Question

In: Operations Management

(b) Eir-Tel, Inc. is a telecommunication services provider looking to expand to a new territory Z....

(b) Eir-Tel, Inc. is a telecommunication services provider looking to expand to a new territory Z. It is analyzing whether it should install its own telecom towers or lease them out from a prominent tower-sharing company X-share, Inc. Leasing out 100 towers would involve payment of €5,000,000 per year for 5 years. Erecting 100 new towers would cost €18,000,000 including the cost of equipment and installation, etc. The company has to obtain a long-term secured loan of €418,000,000 at 5% per annum. Owning a tower has some associated maintenance costs such as security, power and fueling, which amounts to €10,000 per annum per tower.
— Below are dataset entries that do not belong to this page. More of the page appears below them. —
lemma stays_above_equator:
  assumes "0 < y1" "f y1 = pi / 2" "0 < f' y1" "equator_coeff y1 < 0" "y1 < x"
  shows "pi / 2 < f x"
proof (rule ccontr)
  assume "\<not> pi / 2 < f x"
  obtain e where "0 < e" and inc: "\<And>t. 0 < t \<Longrightarrow> t < e \<Longrightarrow> pi / 2 < f (y1 + t)"
    using DERIV_pos_inc_right[OF f_deriv[OF \<open>0 < y1\<close>] \<open>0 < f' y1\<close>] assms(2) by force
  define a where "a = y1 + min e (x - y1) / 2"
  have "y1 < a" "a < x" "a - y1 < e" "pi / 2 < f a"
    using \<open>0 < e\<close> assms(5) inc[of "min e (x - y1) / 2"] unfolding a_def by (auto simp: min_def field_simps)
  moreover have "continuous_on {a..x} (\<lambda>y. - f y)"
    using \<open>y1 < a\<close> assms(1) by (intro continuous_intros continuous_on_subset[OF cont_f]) auto
  ultimately obtain q where q: "a < q" "f q = pi / 2" "\<And>y. a \<le> y \<Longrightarrow> y < q \<Longrightarrow> pi / 2 < f y"
    using first_crossing[of a x "\<lambda>y. - f y" "- pi / 2"] \<open>\<not> pi / 2 < f x\<close> by auto
  have "0 < q"
    using assms(1) \<open>y1 < a\<close> q(1) by linarith
  have above: "pi / 2 < f y" if "y1 < y" "y < q" for y
    using inc[of "y - y1"] q(3)[of y] that \<open>a - y1 < e\<close> by (cases "y < a") auto
  have coeff_neg: "equator_coeff y < 0" if "y1 \<le> y" for y
    using equator_coeff_neg_after assms(1,4) that .
  have "equator_functional q < equator_functional y1"
    using assms(1) \<open>y1 < a\<close> q(1) above coeff_neg
    by (intro equator_functional_decreasing) (auto intro!: mult_neg_pos)
  also have "\<dots> < 0"
    using equator_functional_at_equator[OF assms(2)] weight_pos[OF assms(1)] assms(3,4)
    by (simp add: mult_pos_neg)
  finally have "equator_functional q < 0" .
  moreover have "f' q \<le> 0"
  proof (rule DERIV_nonpos_if_greater_on_left[OF f_deriv[OF \<open>0 < q\<close>] \<open>a < q\<close>])
    fix y assume "a \<le> y" "y < q"
    then show "f q < f y"
      using q(2) q(3)[of y] by linarith
  qed
  then have "0 \<le> weight q * f' q * equator_coeff q"
    using weight_pos[OF \<open>0 < q\<close>] coeff_neg[of q] \<open>y1 < a\<close> q(1)
    by (intro mult_nonpos_nonpos mult_nonneg_nonpos) auto
  ultimately show False
    using equator_functional_at_equator[OF q(2)] by simp
qed

lemma equator_functional_pos_if_above_after:
  assumes "0 < y1" "equator_coeff y1 < 0" "\<And>y. y1 < y \<Longrightarrow> pi / 2 < f y"
  shows "0 < equator_functional y1"
proof -
  have "- equator_functional y1 < - 0"
    using tendsto_minus[OF equator_functional_tendsto_0_at_top]
  proof (rule less_than_limit_at_top_if_increasing)
    fix s t assume "y1 \<le> s" "s < t"
    have "equator_functional t < equator_functional s"
    proof (rule equator_functional_decreasing[OF _ \<open>s < t\<close>])
      show "0 < s"
        using assms(1) \<open>y1 \<le> s\<close> by linarith
      fix y assume "s < y" "y < t"
      then have "pi / 2 < f y" "equator_coeff y < 0"
        using assms(3) equator_coeff_neg_after[OF assms(1,2)] \<open>y1 \<le> s\<close> by auto
      then show "equator_coeff y * (f y - pi / 2) < 0"
        by (simp add: mult_neg_pos)
    qed
    then show "- equator_functional s < - equator_functional t"
      by simp
  qed
  then show ?thesis
    by simp
qed

lemma below_equator:
  assumes "0 < t"
  shows "f t < pi / 2"
proof (rule ccontr)
  assume "\<not> f t < pi / 2"
  then obtain y1 where y1: "0 < y1" "f y1 = pi / 2" "\<And>x. 0 \<le> x \<Longrightarrow> x < y1 \<Longrightarrow> f x < pi / 2"
    and "0 \<le> f' y1"
    using first_equator_crossing[OF assms] by auto
  have coeff_neg: "equator_coeff y1 < 0"
    using equator_coeff_neg_at_first_crossing[OF y1 \<open>0 \<le> f' y1\<close>] .
  have "f' y1 \<noteq> 0"
  proof
    assume "f' y1 = 0"
    then have "f (y1 / 2) = pi / 2"
      using equator_backward_unique[of "y1 / 2" y1] y1 by simp
    then show False
      using y1(1) y1(3)[of "y1 / 2"] by simp
  qed
  with \<open>0 \<le> f' y1\<close> have "0 < f' y1"
    by simp
  then have "0 < equator_functional y1"
    using stays_above_equator[OF y1(1,2) _ coeff_neg] y1(1) coeff_neg
    by (intro equator_functional_pos_if_above_after) auto
  moreover have "weight y1 * f' y1 * equator_coeff y1 < 0"
    using mult_pos_pos[OF weight_pos[OF y1(1)] \<open>0 < f' y1\<close>] coeff_neg by (rule mult_pos_neg)
  ultimately show False
    using equator_functional_at_equator[OF y1(2)] by simp
qed

lemma no_solution: False
  using reaches_equator below_equator by force

end

lemma no_smooth_shrinker:
  fixes f :: "real \<Rightarrow> real"
  assumes "7 \<le> d" "smooth_on_halfline f"
    and ode: "\<And>y. 0 < y \<Longrightarrow> deriv (deriv f) y + ((real d - 1) / y - y / 2) * deriv f y
      - (real d - 1) / (2 * y\<^sup>2) * sin (2 * f y) = 0"
    and "f 0 = 0" "0 < a" "(f has_real_derivative a) (at_right 0)"
    and "(f \<longlongrightarrow> b) at_top" "((\<lambda>y. y ^ 3 * deriv f y) \<longlongrightarrow> L) at_top"
  shows False
proof -
  obtain f' f'' where derivs: "continuous_on {0..} f" "continuous_on {0..} f'"
    "\<And>y. 0 < y \<Longrightarrow> (f has_real_derivative f' y) (at y)"
    "\<And>y. 0 < y \<Longrightarrow> (f' has_real_derivative f'' y) (at y)"
    and deriv_eq: "\<And>y. 0 < y \<Longrightarrow> deriv f y = f' y" "\<And>y. 0 < y \<Longrightarrow> deriv (deriv f) y = f'' y"
    using smooth_on_halfline_derivatives[OF \<open>smooth_on_halfline f\<close>] by blast
  have "\<forall>\<^sub>F y in at_right 0. 0 < f y"
    using eventually_greater_at_right_if_pos_derivative[OF assms(6,5)] \<open>f 0 = 0\<close> by simp
  moreover have "((\<lambda>y. y ^ 3 * f' y) \<longlongrightarrow> L) at_top"
    using assms(8) eventually_gt_at_top[of 0]
    by (rule Lim_transform_eventually[OF _ eventually_mono]) (simp add: deriv_eq)
  ultimately interpret shrinker d f f' f'' b L
    using assms derivs by unfold_locales (auto simp flip: deriv_eq)
  show False
    by (rule no_solution)
qed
The company’s tax rate is 40% while its long-term weighted average cost of debt is 6%. The tax laws allow straight-line depreciation for 5 years. Determine whether the company should erect its own towers or lease them out. [14 marks]

Solutions

Expert Solution

The annual cash-flows(outward) due to  the lease from Y1 - Y5( year 1 to year 5)

=>€5000000 *(1 – 0.4) = €3000000

The yearly cash-flow for the purchasing has three parts:

1. Loan repayment amount (yearly)

2.Yearly Maintenence Costs

3.Tax-related costs in maintenance, the depreciation cost & interest payable.

Cash Flow Table :

Period Number 1 2 3 4 5
Loan repayment Amount A 41,57,546 41,57,546 41,57,546 41,57,546 41,57,546
Maintenance expenses B 10,00,000 10,00,000 10,00,000 10,00,000 10,00,000
Depreciation expenses D 36,00,000 36,00,000 36,00,000 36,00,000 36,00,000
Interest payable I 9,00,000 7,37,123 5,66,101 3,86,529 1,97,978
Tax deductions T 55,00,000 53,37,123 51,66,101 49,86,529 47,97,978
Tax relief@40(%) t 22,00,000 21,34,849 20,66,441 19,94,612 19,19,191
The net cash flow N 29,57,546 30,22,697 30,91,106 31,62,935 32,38,355

Where :

T = (B+D+I)
t = (0.4*T)
N = (A+B)–t

The yearly loan payback calculated on the basis of the present-day calculations i.e The payment value which is being made at the end of each year for five years to complete the loan repayment.

We can calculate it in excel by the fn: PMT wherein the :

rate = 5%

number of years(nper) = 5

and present value(PV) =-18000000

Debt-Amortisation Table :( For evaluating the interest expenses)

Using the straight-line method we calculate the depreciation which is :

€18000000/5 = €3600000

We have to deduct the tax concession(relief) from the loan repayment amount & the maintenance costs.

calculating the P.V( Present Value) of the cash outflow under the given option with the aftertax debt cost i.e

=> 3.6 % [ => as (6/100* (1-40/100)) ]

P.V(Present Value) of leasing at 3.6 percent  = €13545157

P.V(Present Value) when the purchase is at 3.6 percent  = €13950176

We observe that the lease option will have a relatively lower Present Value(P.V) of the cash outflow

Therefore that will be the preferable option.